What is being asked: Copy, exactly and without additions, every line in the records below from the one holding "by (erule code_isoE)" through the one holding "obtain f' g'", both ends included.

Segment Start: Given records

(* The relation $\le$ on isomorphism classes of codes, defined by $[\mathcal{D}]\le[\mathcal{C}]$ if and only if some finite (possibly empty) sequence of operations takes $\mathcal{C}$ to a code isomorphic to $\mathcal{D}$, is a well-defined partial order on the set of isomorphism classes of codes.
   Context: A code is a subset $\mathcal{C}\subseteq 2^{[n]}$. For $\sigma\subseteq[n]$, $\mathrm{Tk}_{\mathcal{C}}(\sigma)=\{c\in\mathcal{C}\mid\sigma\subseteq c\}$; a trunk in $\mathcal{C}$ is a subset that is empty or of this form (a trunk is itself regarded as a code in $2^{[n]}$). A function $f:\mathcal{C}\to\mathcal{D}$ between codes is a morphism if preimages of trunks in $\mathcal{D}$ are trunks in $\mathcal{C}$; an isomorphism is a morphism with an inverse function that is also a morphism. An operation on a code $\mathcal{C}$ is either replacing $\mathcal{C}$ by its image $f(\mathcal{C})$ under some morphism $f$ with domain $\mathcal{C}$, or replacing $\mathcal{C}$ by one of its trunks. *)

theory Defs
  imports Main
begin

definition is_code :: "nat set set \<Rightarrow> bool" where
  "is_code C \<longleftrightarrow> (\<exists>n::nat. \<forall>c\<in>C. c \<subseteq> {1..n})"

definition codes :: "nat set set set" where
  "codes = {C. is_code C}"

definition Tk :: "nat set set \<Rightarrow> nat set \<Rightarrow> nat set set" where
  "Tk C \<sigma> = {c \<in> C. \<sigma> \<subseteq> c}"

definition is_trunk :: "nat set set \<Rightarrow> nat set set \<Rightarrow> bool" where
  "is_trunk C T \<longleftrightarrow> T = {} \<or> (\<exists>\<sigma>. T = Tk C \<sigma>)"

definition is_morphism :: "nat set set \<Rightarrow> nat set set \<Rightarrow> (nat set \<Rightarrow> nat set) \<Rightarrow> bool" where
  "is_morphism C D f \<longleftrightarrow>
     (\<forall>c\<in>C. f c \<in> D) \<and> (\<forall>T. is_trunk D T \<longrightarrow> is_trunk C {c \<in> C. f c \<in> T})"

definition code_iso :: "nat set set \<Rightarrow> nat set set \<Rightarrow> bool" where
  "code_iso C D \<longleftrightarrow> (\<exists>f g. is_morphism C D f \<and> is_morphism D C g \<and>
       (\<forall>c\<in>C. g (f c) = c) \<and> (\<forall>d\<in>D. f (g d) = d))"

definition op_step :: "nat set set \<Rightarrow> nat set set \<Rightarrow> bool" where
  "op_step C C' \<longleftrightarrow> (\<exists>D f. is_code D \<and> is_morphism C D f \<and> C' = f ` C) \<or> is_trunk C C'"

definition code_le :: "nat set set \<Rightarrow> nat set set \<Rightarrow> bool" where
  "code_le D C \<longleftrightarrow> (\<exists>C'. op_step\<^sup>*\<^sup>* C C' \<and> code_iso C' D)"

definition iso_rel :: "(nat set set \<times> nat set set) set" where
  "iso_rel = {(C, D). is_code C \<and> is_code D \<and> code_iso C D}"

definition class_le :: "(nat set set set \<times> nat set set set) set" where
  "class_le = {(X, Y). X \<in> codes // iso_rel \<and> Y \<in> codes // iso_rel \<and>
                        (\<exists>D\<in>X. \<exists>C\<in>Y. code_le D C)}"

end

theory Submission
  imports Defs
begin

text \<open>Isomorphic codes simulate each other's operations: an image under a morphism is
  reached by composing with the isomorphism, and a trunk is pulled back along it. Hence
  \<open>\<le>\<close> does not depend on representatives, and it is transitive because sequences of
  operations concatenate. For antisymmetry, every operation weakly decreases both the number
  of codewords and the number of trunks; an operation preserving both numbers is a bijection
  whose preimage map is a bijection on trunks, i.e. an isomorphism. So if each of two codes
  is below the other, the operations leading from one to the other are all isomorphisms.\<close>

lemma is_morphismI:
  "(\<And>c. c \<in> C \<Longrightarrow> f c \<in> D) \<Longrightarrow> (\<And>T. is_trunk D T \<Longrightarrow> is_trunk C {c \<in> C. f c \<in> T})
    \<Longrightarrow> is_morphism C D f"
  unfolding is_morphism_def by blast

lemma morphism_mapsto: "is_morphism C D f \<Longrightarrow> c \<in> C \<Longrightarrow> f c \<in> D"
  unfolding is_morphism_def by blast

lemma morphism_trunk_preimage:
  "is_morphism C D f \<Longrightarrow> is_trunk D T \<Longrightarrow> is_trunk C {c \<in> C. f c \<in> T}"
  unfolding is_morphism_def by blast

lemma trunk_subset: "is_trunk C T \<Longrightarrow> T \<subseteq> C"
  by (auto simp: is_trunk_def Tk_def)

lemma trunk_Tk: "is_trunk C (Tk C \<sigma>)"
  by (auto simp: is_trunk_def)

lemma trunk_Int: "is_trunk C S \<Longrightarrow> is_trunk C T \<Longrightarrow> is_trunk C (S \<inter> T)"
proof (cases "S = {} \<or> T = {}")
  case False
  assume "is_trunk C S" "is_trunk C T"
  with False obtain s t where "S = Tk C s" "T = Tk C t" by (auto simp: is_trunk_def)
  then have "S \<inter> T = Tk C (s \<union> t)" by (auto simp: Tk_def)
  then show ?thesis by (simp add: trunk_Tk)
qed (auto simp: is_trunk_def)

lemma trunk_of_subset: "is_trunk A S \<Longrightarrow> S \<subseteq> Y \<Longrightarrow> Y \<subseteq> A \<Longrightarrow> is_trunk Y S"
  unfolding is_trunk_def Tk_def by blast

lemma trunk_of_trunk: "is_trunk A X \<Longrightarrow> is_trunk X T \<Longrightarrow> is_trunk A T"
proof -
  assume X: "is_trunk A X" and T: "is_trunk X T"
  consider "T = {}" | t where "T = Tk X t" using T by (auto simp: is_trunk_def)
  then show ?thesis
  proof cases
    case (2 t)
    with trunk_subset[OF X] have "T = X \<inter> Tk A t" by (auto simp: Tk_def)
    then show ?thesis using trunk_Int[OF X trunk_Tk] by simp
  qed (simp add: is_trunk_def)
qed

lemma morphism_id: "is_morphism C C id"
proof (rule is_morphismI)
  fix T assume "is_trunk C T"
  moreover from trunk_subset[OF this] have "{c \<in> C. id c \<in> T} = T" by auto
  ultimately show "is_trunk C {c \<in> C. id c \<in> T}" by simp
qed simp

lemma morphism_comp:
  assumes g: "is_morphism A B g" and f: "is_morphism B D f"
  shows "is_morphism A D (f \<circ> g)"
proof (rule is_morphismI)
  fix T assume "is_trunk D T"
  then have "is_trunk A {a \<in> A. g a \<in> {b \<in> B. f b \<in> T}}"
    by (intro morphism_trunk_preimage[OF g] morphism_trunk_preimage[OF f])
  moreover have "{a \<in> A. g a \<in> {b \<in> B. f b \<in> T}} = {a \<in> A. (f \<circ> g) a \<in> T}"
    using morphism_mapsto[OF g] by auto
  ultimately show "is_trunk A {a \<in> A. (f \<circ> g) a \<in> T}" by simp
qed (simp add: morphism_mapsto[OF g] morphism_mapsto[OF f])

text \<open>Only the trunks of \<open>D\<close> of the form \<open>Tk D \<sigma>\<close> matter, and on the image
  \<open>Tk (f ` C) \<sigma>\<close> has the same preimage as \<open>Tk D \<sigma>\<close>.\<close>
lemma morphism_onto_image:
  assumes f: "is_morphism C D f"
  shows "is_morphism C (f ` C) f"
proof (rule is_morphismI)
  fix T assume T: "is_trunk (f ` C) T"
  consider "T = {}" | \<sigma> where "T = Tk (f ` C) \<sigma>" using T by (auto simp: is_trunk_def)
  then show "is_trunk C {c \<in> C. f c \<in> T}"
  proof cases
    case (2 \<sigma>)
    then have "{c \<in> C. f c \<in> T} = {c \<in> C. f c \<in> Tk D \<sigma>}"
      using morphism_mapsto[OF f] by (auto simp: Tk_def)
    then show ?thesis using morphism_trunk_preimage[OF f trunk_Tk] by simp
  qed (simp add: is_trunk_def)
qed simp

lemma morphism_restrict:
  assumes f: "is_morphism A B f" and "is_trunk A A'" "is_trunk B B'"
    and maps: "\<And>a. a \<in> A' \<Longrightarrow> f a \<in> B'"
  shows "is_morphism A' B' f"
proof (rule is_morphismI)
  fix T assume "is_trunk B' T"
  then have "is_trunk A (A' \<inter> {a \<in> A. f a \<in> T})"
    using assms(2,3) by (blast intro: trunk_Int morphism_trunk_preimage[OF f] trunk_of_trunk)
  moreover have "A' \<inter> {a \<in> A. f a \<in> T} = {a \<in> A'. f a \<in> T}"
    using trunk_subset[OF assms(2)] by blast
  ultimately show "is_trunk A' {a \<in> A'. f a \<in> T}"
    using trunk_of_subset[OF _ _ trunk_subset[OF assms(2)]] by auto
qed (rule maps)

lemma code_isoI:
  "is_morphism C D f \<Longrightarrow> is_morphism D C g \<Longrightarrow> (\<And>c. c \<in> C \<Longrightarrow> g (f c) = c)
    \<Longrightarrow> (\<And>d. d \<in> D \<Longrightarrow> f (g d) = d) \<Longrightarrow> code_iso C D"
  unfolding code_iso_def by blast

lemma code_isoE:
  assumes "code_iso C D"
  obtains f g where "is_morphism C D f" "is_morphism D C g"
    "\<And>c. c \<in> C \<Longrightarrow> g (f c) = c" "\<And>d. d \<in> D \<Longrightarrow> f (g d) = d"
  using assms that unfolding code_iso_def by metis

lemma code_iso_refl: "code_iso C C"
  by (rule code_isoI[OF morphism_id morphism_id]) simp_all

lemma code_iso_sym: "code_iso C D \<Longrightarrow> code_iso D C"
  by (erule code_isoE) (rule code_isoI, assumption+)

lemma code_iso_trans:
  assumes "code_iso A B" "code_iso B C"
  shows "code_iso A C"
proof -
  obtain f g where fg: "is_morphism A B f" "is_morphism B A g"
    "\<And>a. a \<in> A \<Longrightarrow> g (f a) = a" "\<And>b. b \<in> B \<Longrightarrow> f (g b) = b"
    using assms(1) by (elim code_isoE) (rule that)
  obtain f' g' where fg': "is_morphism B C f'" "is_morphism C B g'"
    "\<And>b. b \<in> B \<Longrightarrow> g' (f' b) = b" "\<And>c. c \<in> C \<Longrightarrow> f' (g' c) = c"
    using assms(2) by (elim code_isoE) (rule that)
  show ?thesis
    by (rule code_isoI[OF morphism_comp[OF fg(1) fg'(1)] morphism_comp[OF fg'(2) fg(2)]])
      (simp_all add: fg fg' morphism_mapsto[OF fg(1)] morphism_mapsto[OF fg'(2)])
qed

lemma morphism_right_inverse_image:
  "is_morphism C D f \<Longrightarrow> is_morphism D C g \<Longrightarrow> (\<And>d. d \<in> D \<Longrightarrow> f (g d) = d) \<Longrightarrow> f ` C = D"
proof
  assume "is_morphism C D f" "is_morphism D C g" and fg: "\<And>d. d \<in> D \<Longrightarrow> f (g d) = d"
  then show "f ` C \<subseteq> D" using morphism_mapsto by blast
  show "D \<subseteq> f ` C"
  proof
    fix d assume "d \<in> D"
    then show "d \<in> f ` C" using fg morphism_mapsto[OF \<open>is_morphism D C g\<close>] by (metis image_eqI)
  qed
qed

lemma op_step_iso_simulation:
  assumes "code_iso A B" "op_step B X"
  shows "\<exists>X'. op_step A X' \<and> code_iso X' X"
proof -
  obtain f h where fh: "is_morphism A B f" "is_morphism B A h"
    "\<And>a. a \<in> A \<Longrightarrow> h (f a) = a" "\<And>b. b \<in> B \<Longrightarrow> f (h b) = b"
    using assms(1) by (elim code_isoE) (rule that)
  consider D g where "is_code D" "is_morphism B D g" "X = g ` B" | "is_trunk B X"
    using assms(2) unfolding op_step_def by blast
  then show ?thesis
  proof cases
    case (1 D g)
    have "X = (g \<circ> f) ` A"
      using 1(3) morphism_right_inverse_image[OF fh(1,2,4)] by (metis image_comp)
    then have "op_step A X"
      using 1(1) morphism_comp[OF fh(1) 1(2)] unfolding op_step_def by blast
    then show ?thesis using code_iso_refl by blast
  next
    case 2
    define X' where "X' = {a \<in> A. f a \<in> X}"
    have X': "is_trunk A X'"
      unfolding X'_def by (rule morphism_trunk_preimage[OF fh(1) 2])
    have h_maps: "h b \<in> X'" if "b \<in> X" for b
      using that trunk_subset[OF 2] fh(4) morphism_mapsto[OF fh(2)] by (auto simp: X'_def)
    have "code_iso X' X"
      by (rule code_isoI[OF morphism_restrict[OF fh(1) X' 2] morphism_restrict[OF fh(2) 2 X' h_maps]])
        (use fh(3,4) trunk_subset[OF 2] in \<open>auto simp: X'_def\<close>)
    moreover have "op_step A X'" using X' by (simp add: op_step_def)
    ultimately show ?thesis by blast
  qed
qed

lemma op_steps_iso_simulation:
  assumes "op_step\<^sup>*\<^sup>* B X" "code_iso A B"
  shows "\<exists>X'. op_step\<^sup>*\<^sup>* A X' \<and> code_iso X' X"
  using assms(1)
proof (induction rule: rtranclp_induct)
  case (step Y Z)
  then obtain Y' where "op_step\<^sup>*\<^sup>* A Y'" "code_iso Y' Y" by blast
  with op_step_iso_simulation[OF _ step(2)] show ?case
    by (meson rtranclp.rtrancl_into_rtrancl)
qed (use assms(2) in blast)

Segment End: Given records

Solution for this task:
  by (erule code_isoE) (rule code_isoI, assumption+)

lemma code_iso_trans:
  assumes "code_iso A B" "code_iso B C"
  shows "code_iso A C"
proof -
  obtain f g where fg: "is_morphism A B f" "is_morphism B A g"
    "\<And>a. a \<in> A \<Longrightarrow> g (f a) = a" "\<And>b. b \<in> B \<Longrightarrow> f (g b) = b"
    using assms(1) by (elim code_isoE) (rule that)
  obtain f' g' where fg': "is_morphism B C f'" "is_morphism C B g'"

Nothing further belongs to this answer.